6. Mohinder Kaur Bhamra – Punjabi Disco

Religious vocalist Mohinder Kaur Bhamra's record from 1982 of disco beats and Punjabi folk melodies is a reissued masterpiece. Recorded by her son, music producer Kuljit Bhamra, Punjabi Disco's ten tracks deliver an remarkably engaging combination of the metallic sound of electronic keyboards and drum machines with her melismatic classical Indian singing style. Electronic percussion echoes the undulating tones of the tabla, while synth lines parallels the traditional sound of the harmonium on tracks such as Pyar Mainu Kar. Meanwhile, Latin-inflected grooves is prominent on Soniya Mukh Tera, and Nainan Da Pyar De Gaya features a driving walking disco bassline. It's a club-ready hybrid created more than ten years before the rise of Asian Underground music.

5. Enji – Resonance

Mongolian vocalist Enji's soft new release, Sonor, builds upon her jazz-influenced sound to deliver some of her broadest music yet. Moving away from her background in traditional Mongolian "long song" singing, the record's selection of pieces travel from the soft jazz-pop melodics of slow-burning number Ulbar to the German-language narration lyrics and twanging guitar lines of Unadag Dugui. The album also includes a lively, funk-tinged cover of the 80s Mongolian pop hit Eejiinhee Hairaar. Showcasing a ensemble rather than her standard setup of guitar and bass, Sonor's sound is still close, inviting the listener into the warm soundscape of her distinctive voice.

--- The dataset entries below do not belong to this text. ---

lemma right_radius_in_R_E:
  assumes abc: "a \<ge> 0" "b > 0" "c \<ge> 0" and r: "rj > 0" "rk > 0"
  shows "(right_radius a b c rj rk, rj, rk) \<in> R_E a b c"
proof -
  define h where "h = right_radius a b c rj rk"
  have h: "h > 0" using right_radius_pos[OF assms] by (simp add: h_def)
  define X where "X = h^2 + rj^2 + 2 * a * h * rj"
  define Y where "Y = rk^2 + h^2 + 2 * c * rk * h"
  define Z where "Z = rj^2 + rk^2 + 2 * b * rj * rk"
  have "X > 0" "Y > 0" unfolding X_def Y_def using h abc r by (simp_all add: add_pos_nonneg)
  moreover have "Z = X + Y"
  proof -
    have "h^2 + h * (a * rj + c * rk) = b * rj * rk"
      using right_radius_root[of b rj rk] abc r unfolding h_def by simp
    then show ?thesis unfolding X_def Y_def Z_def by (simp add: algebra_simps power2_eq_square)
  qed
  moreover have "edge_len a h rj = sqrt X" "edge_len b rj rk = sqrt Z" "edge_len c rk h = sqrt Y"
    unfolding edge_len_def X_def Y_def Z_def by simp_all
  ultimately show ?thesis
    using sqrt_pythagorean_triangle[of X Y Z] h r unfolding h_def[symmetric] by (simp add: mem_R_E)
qed

text \<open>A set S of pairs (x, y) whose fibres {x. (x, y) \<in> S} are convex, lying over a
  convex base T that carries a continuous section \<sigma>, is contractible: the straight-line
  homotopy in each fibre retracts S onto the graph of \<sigma>, which is contracted by
  contracting T.\<close>
lemma contractible_convex_fibres_with_section:
  fixes S :: "('a::real_normed_vector \<times> 'b::real_normed_vector) set"
  assumes base: "convex T" "snd ` S \<subseteq> T"
    and fibres: "\<And>y. convex {x. (x, y) \<in> S}"
    and section_cont: "continuous_on T \<sigma>"
    and section_in: "\<And>y. y \<in> T \<Longrightarrow> (\<sigma> y, y) \<in> S"
  shows "contractible S"
proof (cases "S = {}")
  case False
  then obtain t0 where t0: "t0 \<in> T" using base(2) by blast
  define \<psi> where "\<psi> y = (\<sigma> y, y)" for y
  have cont_\<psi>: "continuous_on T \<psi>"
    unfolding \<psi>_def by (intro continuous_intros section_cont)
  have snd_cont: "continuous_on S snd" by (intro continuous_intros)
  have retract: "homotopic_with_canon (\<lambda>f. True) S S id (\<psi> \<circ> snd)"
  proof (rule homotopic_with_linear)
    show "continuous_on S (\<psi> \<circ> snd)"
      using continuous_on_compose[OF snd_cont continuous_on_subset[OF cont_\<psi> base(2)]] .
    show "closed_segment (id p) ((\<psi> \<circ> snd) p) \<subseteq> S" if "p \<in> S" for p
    proof
      fix q assume q: "q \<in> closed_segment (id p) ((\<psi> \<circ> snd) p)"
      obtain x y where p: "p = (x, y)" by fastforce
      have "(\<sigma> y, y) \<in> S" using section_in base(2) that p by force
      then have "closed_segment x (\<sigma> y) \<subseteq> {x. (x, y) \<in> S}"
        using that p by (intro closed_segment_subset fibres) auto
      moreover obtain q1 q2 where "q = (q1, q2)" by fastforce
      ultimately show "q \<in> S"
        using q closed_segment_PairD[of q1 q2 x y "\<sigma> y" y] by (auto simp: p \<psi>_def)
    qed
  qed (simp add: continuous_on_id)
  have contract: "homotopic_with_canon (\<lambda>f. True) S S (\<psi> \<circ> snd) (\<psi> \<circ> (\<lambda>p. t0))"
  proof (rule homotopic_with_compose_continuous_left[OF _ cont_\<psi>])
    show "homotopic_with_canon (\<lambda>f. True) S T snd (\<lambda>p. t0)"
      using base t0 by (intro homotopic_with_linear snd_cont continuous_on_const)
        (force intro: closed_segment_subset[THEN subsetD])
  qed (use section_in \<psi>_def in auto)
  have "homotopic_with_canon (\<lambda>f. True) S S id (\<lambda>p. \<psi> t0)"
    using homotopic_with_trans[OF retract contract] by (simp add: comp_def)
  then show ?thesis unfolding contractible_def by blast
qed simp

lemma contractible_R_E_pos_middle:
  assumes "a \<ge> 0" "b > 0" "c \<ge> 0"
  shows "contractible (R_E a b c)"
proof (rule contractible_convex_fibres_with_section)
  show "convex ({0<..} \<times> {0<..} :: (real \<times> real) set)"
    by (intro convex_Times convex_real_interval)
  show "snd ` R_E a b c \<subseteq> {0<..} \<times> {0<..}" by (force simp: mem_R_E)
  show "convex {x. (x, y) \<in> R_E a b c}" for y
    using R_E_fibre_convex assms by (cases y) simp
  show "continuous_on ({0<..} \<times> {0<..}) (\<lambda>(rj, rk). right_radius a b c rj rk)"
    unfolding right_radius_def case_prod_beta by (intro continuous_intros) auto
  show "((\<lambda>(rj, rk). right_radius a b c rj rk) y, y) \<in> R_E a b c"
    if "y \<in> {0<..} \<times> {0<..}" for y
    using that right_radius_in_R_E assms by (cases y) auto
qed

lemma R_E_rot: "R_E b c a homeomorphic R_E a b c"
proof (rule homeomorphicI[where f = "\<lambda>(x, y, z). (z, x, y)" and g = "\<lambda>(x, y, z). (y, z, x)"])
  show "(\<lambda>(x, y, z). (z, x, y)) ` R_E b c a = R_E a b c"
    by (auto simp: image_iff R_E_def Let_def)
  show "(\<lambda>(x, y, z). (y, z, x)) ` R_E a b c = R_E b c a"
    by (auto simp: image_iff R_E_def Let_def)
qed (auto simp: case_prod_beta intro!: continuous_intros)

lemma sqrt_sum_squares_triangle:
  fixes x y z :: real
  assumes "x > 0" "y > 0" "z > 0"
  shows "sqrt (x^2 + y^2) < sqrt (y^2 + z^2) + sqrt (z^2 + x^2)"
proof -
  have "sqrt (x^2 + y^2) \<le> x + y"
    using assms by (intro real_le_lsqrt) (simp_all add: power2_eq_square algebra_simps)
  also have "\<dots> < sqrt (y^2 + z^2) + sqrt (z^2 + x^2)"
    using assms real_sqrt_less_mono[of "y^2" "y^2 + z^2"] real_sqrt_less_mono[of "x^2" "z^2 + x^2"]
    by simp
  finally show ?thesis .
qed

lemma R_E_zero: "R_E 0 0 0 = {0<..} \<times> {0<..} \<times> {0<..}"
  by (force simp: mem_R_E edge_len_def sqrt_sum_squares_triangle)

lemma contractible_R_E:
  assumes "a \<ge> 0" "b \<ge> 0" "c \<ge> 0"
  shows "contractible (R_E a b c)"
proof -
  consider "b > 0" | "c > 0" | "a > 0" | "a = 0" "b = 0" "c = 0" using assms by linarith
  then show ?thesis
  proof cases
    case 1
    then show ?thesis using contractible_R_E_pos_middle assms by simp
  next
    case 2
    then have "contractible (R_E b c a)" using contractible_R_E_pos_middle assms by simp
    then show ?thesis using homeomorphic_contractible_eq[OF R_E_rot] by blast
  next
    case 3
    then have "contractible (R_E c a b)" using contractible_R_E_pos_middle assms by simp
    then show ?thesis
      using homeomorphic_contractible_eq[OF homeomorphic_trans[OF R_E_rot R_E_rot]] by blast
  next
    case 4
    then have "R_E a b c = {0<..} \<times> {0<..} \<times> {0<..}" using R_E_zero by simp
    then have "convex (R_E a b c)" by (simp add: convex_Times convex_real_interval)
    then show ?thesis by (rule convex_imp_contractible)
  qed
qed

lemma U_E_homeo: "U_E a b c homeomorphic R_E a b c"
proof (rule homeomorphicI[where f = "\<lambda>(x, y, z). (exp x, exp y, exp z)"
                              and g = "\<lambda>(x, y, z). (ln x, ln y, ln z)"])
  show "(\<lambda>(x, y, z). (exp x, exp y, exp z)) ` U_E a b c = R_E a b c"
  proof
    show "R_E a b c \<subseteq> (\<lambda>(x, y, z). (exp x, exp y, exp z)) ` U_E a b c"
    proof clarify
      fix x y z assume r: "(x, y, z) \<in> R_E a b c"
      then have "(ln x, ln y, ln z) \<in> U_E a b c" using R_E_pos by (simp add: U_E_def)
      then show "(x, y, z) \<in> (\<lambda>(x, y, z). (exp x, exp y, exp z)) ` U_E a b c"
        by (rule rev_image_eqI) (use R_E_pos r in simp)
    qed
  qed (auto simp: U_E_def)
  show "(\<lambda>(x, y, z). (ln x, ln y, ln z)) ` R_E a b c = U_E a b c"
  proof
    show "U_E a b c \<subseteq> (\<lambda>(x, y, z). (ln x, ln y, ln z)) ` R_E a b c"
    proof clarify
      fix x y z assume "(x, y, z) \<in> U_E a b c"
      then have "(exp x, exp y, exp z) \<in> R_E a b c" by (simp add: U_E_def)
      then show "(x, y, z) \<in> (\<lambda>(x, y, z). (ln x, ln y, ln z)) ` R_E a b c"
        by (rule rev_image_eqI) simp
    qed
  qed (use R_E_pos in \<open>auto simp: U_E_def\<close>)
qed (auto simp: case_prod_beta U_E_def mem_R_E intro!: continuous_intros)

lemma open_U_E: "open (U_E a b c)"
proof -
  define lij :: "real \<times> real \<times> real \<Rightarrow> real"
    where "lij = (\<lambda>(ui, uj, uk). edge_len a (exp ui) (exp uj))"
  define ljk :: "real \<times> real \<times> real \<Rightarrow> real"
    where "ljk = (\<lambda>(ui, uj, uk). edge_len b (exp uj) (exp uk))"
  define lki :: "real \<times> real \<times> real \<Rightarrow> real"
    where "lki = (\<lambda>(ui, uj, uk). edge_len c (exp uk) (exp ui))"
  have U_E_eq: "U_E a b c = {u. lij u < ljk u + lki u} \<inter> {u. ljk u < lki u + lij u} \<inter>
      {u. lki u < lij u + ljk u}"
    by (auto simp: U_E_def mem_R_E lij_def ljk_def lki_def)
  have "continuous_on UNIV lij" "continuous_on UNIV ljk" "continuous_on UNIV lki"
    unfolding lij_def ljk_def lki_def edge_len_def case_prod_beta by (intro continuous_intros)+
  then show ?thesis
    unfolding U_E_eq by (intro open_Int open_Collect_less continuous_on_add)
qed

theorem corollary2p2:
  fixes Iij Ijk Iki :: real
  assumes "Iij \<ge> 0" and "Ijk \<ge> 0" and "Iki \<ge> 0"
  shows "open (U_E Iij Ijk Iki) \<and> connected (U_E Iij Ijk Iki) \<and> simply_connected (U_E Iij Ijk Iki)"
proof -
  have "contractible (U_E Iij Ijk Iki)"
    using homeomorphic_contractible_eq[OF U_E_homeo] contractible_R_E[OF assms] by blast
  then show ?thesis
    using open_U_E contractible_imp_connected contractible_imp_simply_connected by blast
qed

end
lemma positive_solution_lambda_bound:
  fixes \<phi> \<psi>2 c d h f u :: "real \<Rightarrow> real"
  assumes phi: "odd_inc_homeo \<phi>"
    and psi2: "\<forall>x\<ge>0. \<forall>y\<ge>0. \<phi> (x * y) \<le> \<phi> x * \<psi>2 y"
    and c: "\<forall>t\<in>{0<..<1}. 0 < c t \<and> c t \<le> C"
    and d: "\<forall>t\<in>{0<..<1}. 0 < d t \<and> d t \<le> D"
    and h: "\<forall>t\<in>{0<..<1}. 0 \<le> h t" "0 \<le> h0" "\<forall>t\<in>{t0 - r..t0 + r}. h0 \<le> h t"
    and f: "0 \<le> m" "\<forall>s>0. m * \<phi> s \<le> f s"
    and r: "0 < r" "0 < t0 - r" "t0 + r < 1"
    and lam: "0 \<le> lam"
    and u: "is_positive_solution \<phi> c d h f lam u"
  shows "lam * (m * h0 * r) \<le> max (D * \<psi>2 (C / (t0 - r))) (D * \<psi>2 (C / (1 - (t0 + r))))"
proof -
  have u_cont: "continuous_on {0..1} u" using u by (simp add: is_positive_solution_def is_solution_def)
  obtain tau where tau: "tau \<in> {0..1}" "\<forall>y\<in>{0..1}. u y \<le> u tau"
    using continuous_attains_sup[OF compact_Icc _ u_cont] by auto
  show ?thesis
  proof (cases "t0 \<le> tau")
    case True
    have "lam * (m * h0 * (t0 - (t0 - r))) \<le> D * \<psi>2 (C / (t0 - r))"
      using h r True tau
      by (intro positive_solution_lambda_bound_left[OF phi psi2 c d _ _ _ f _ _ lam u]) auto
    then show ?thesis by simp
  next
    case False
    have "lam * (m * h0 * ((1 - t0) - (1 - (t0 + r)))) \<le> D * \<psi>2 (C / (1 - (t0 + r)))"
    proof (rule positive_solution_lambda_bound_left[OF phi psi2 _ _ _ _ _ f _ _ lam
          is_positive_solution_reflect[OF phi u], where tau = "1 - tau"])
      show "\<forall>y\<in>{0..1}. u (1 - y) \<le> u (1 - (1 - tau))" using tau(2) by simp
    qed (use c d h r False tau(1) in auto)
    then show ?thesis by simp
  qed
qed

theorem theorem3p7:
  fixes \<phi> \<psi>1 \<psi>2 c d f h :: "real \<Rightarrow> real" and f0 finf :: ereal
  assumes phi: "odd_inc_homeo \<phi>"
    and A: "condA \<phi> \<psi>1 \<psi>2"
    and c: "continuous_on {0..1} c" "\<forall>t\<in>{0..1}. c t > 0"
    and d: "continuous_on {0..1} d" "\<forall>t\<in>{0..1}. d t > 0"
    and f: "continuous_on {0..} f" "\<forall>s\<ge>0. f s \<ge> 0" "\<forall>s>0. f s > 0"
    and h: "continuous_on {0<..<1} h" "\<forall>t\<in>{0<..<1}. h t \<ge> 0" "\<exists>t\<in>{0<..<1}. h t \<noteq> 0"
    and hint: "h_integrability \<psi>1 h"
    and hpos: "0 \<le> alpha_h h" "alpha_h h < gamma1_h h" "gamma1_h h < gamma2_h h"
              "gamma2_h h < beta_h h" "beta_h h \<le> 1"
    and f0: "((\<lambda>s. ereal (f s / \<phi> s)) \<longlongrightarrow> f0) (at_right 0)" "f0 > 0"
    and finf: "((\<lambda>s. ereal (f s / \<phi> s)) \<longlongrightarrow> finf) at_top" "finf > 0"
  shows "\<exists>lam0>0. \<forall>lam>lam0. \<not> (\<exists>u. is_positive_solution \<phi> c d h f lam u)"
proof -
  have psi2: "\<forall>x\<ge>0. \<forall>y\<ge>0. \<phi> (x * y) \<le> \<phi> x * \<psi>2 y" using A by (simp add: condA_def)
  have "continuous_on {0<..} f" "continuous_on {0<..} \<phi>" "\<forall>s>0. 0 < \<phi> s"
    using f(1) phi odd_inc_homeo_pos_iff[OF phi]
    by (auto simp: odd_inc_homeo_def intro: continuous_on_subset)
  then obtain m where m: "0 < m" "\<forall>s>0. m * \<phi> s \<le> f s"
    using ratio_limits_pos_imp_lower_bound[OF _ _ _ _ f0 finf] f(3) by blast
  obtain t0 where t0: "t0 \<in> {0<..<1}" "0 < h t0" using h(2,3) by force
  then obtain r h0 where r: "0 < r" "cball t0 r \<subseteq> {0<..<1}" and h0: "0 < h0" "\<forall>t\<in>cball t0 r. h0 \<le> h t"
    using continuous_on_pos_imp_bounded_below_on_cball[OF h(1) open_greaterThanLessThan] by blast
  have "t0 - r \<in> cball t0 r" "t0 + r \<in> cball t0 r" using r(1) by (auto simp: dist_real_def)
  then have r01: "0 < t0 - r" "t0 + r < 1" using r(2) greaterThanLessThan_iff by (metis subsetD)+
  obtain C where C: "\<forall>t\<in>{0..1}. c t \<le> C" using continuous_attains_sup[OF compact_Icc _ c(1)] by fastforce
  obtain D where D: "\<forall>t\<in>{0..1}. d t \<le> D" using continuous_attains_sup[OF compact_Icc _ d(1)] by fastforce
  define B where "B = max (D * \<psi>2 (C / (t0 - r))) (D * \<psi>2 (C / (1 - (t0 + r))))"
  define lam0 where "lam0 = max 1 (B / (m * h0 * r))"
  have "\<not> is_positive_solution \<phi> c d h f lam u" if "lam > lam0" for lam u
  proof
    assume u: "is_positive_solution \<phi> c d h f lam u"
    have "lam * (m * h0 * r) \<le> B" unfolding B_def
      using c(2) d(2) C D h(2) h0 m r r01 that u
      by (intro positive_solution_lambda_bound[OF phi psi2]) (auto simp: cball_eq_atLeastAtMost lam0_def)
    then have "lam \<le> B / (m * h0 * r)" using m h0 r by (simp add: pos_le_divide_eq)
    then show False using that by (simp add: lam0_def)
  qed
  moreover have "0 < lam0" by (simp add: lam0_def)
  ultimately show ?thesis by blast
qed

end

Number Four: Derya Yıldırım and Her Band – Yarın Yoksa

Channeling the 60s heritage of Anatolian rock pioneered by groups such as Moğollar, German-Turkish singer Derya Yıldırım's new album with her band Grup Şimşek fuses the metallic twang of the amplified traditional lute with drifting Mellotron and classic soul melodies. It's a retro-70s aesthetic grounded in Yıldırım's powerful falsetto and shaped by producer Leon Michels' analogue tape sound. Yet, on classic Turkish songs such as the nursery rhyme Hop Bico and 1960s song Ceylan, the group ventures into vibrant new territory. They craft slinking, downtempo grooves and lifting vocals that impart a new, off-kilter twist to the Anatolian psychedelic style.

Number Three: Lido Pimienta – The Beauty

Sacred music, Czech harpsichord folksong and orchestral strings merge on Colombian singer Lido Pimienta's remarkable fourth album. Orchestrating music for the sixty-member Medellín Philharmonic Orchestra, Pimienta and producer Owen Pallett traverse everything from the Gregorian chants of opener Overturn (Obertura de la Luz Eterna) to the theatrical counterpoint melodies of Aún Te Quiero and the rhythmic dembow rhythms of the brass and woodwind-led El Dembow del Tiempo. Yet, it is Pim

Andrew Wilson
Andrew Wilson

A seasoned financial analyst with over a decade of experience in wealth management and investment consulting, passionate about empowering others.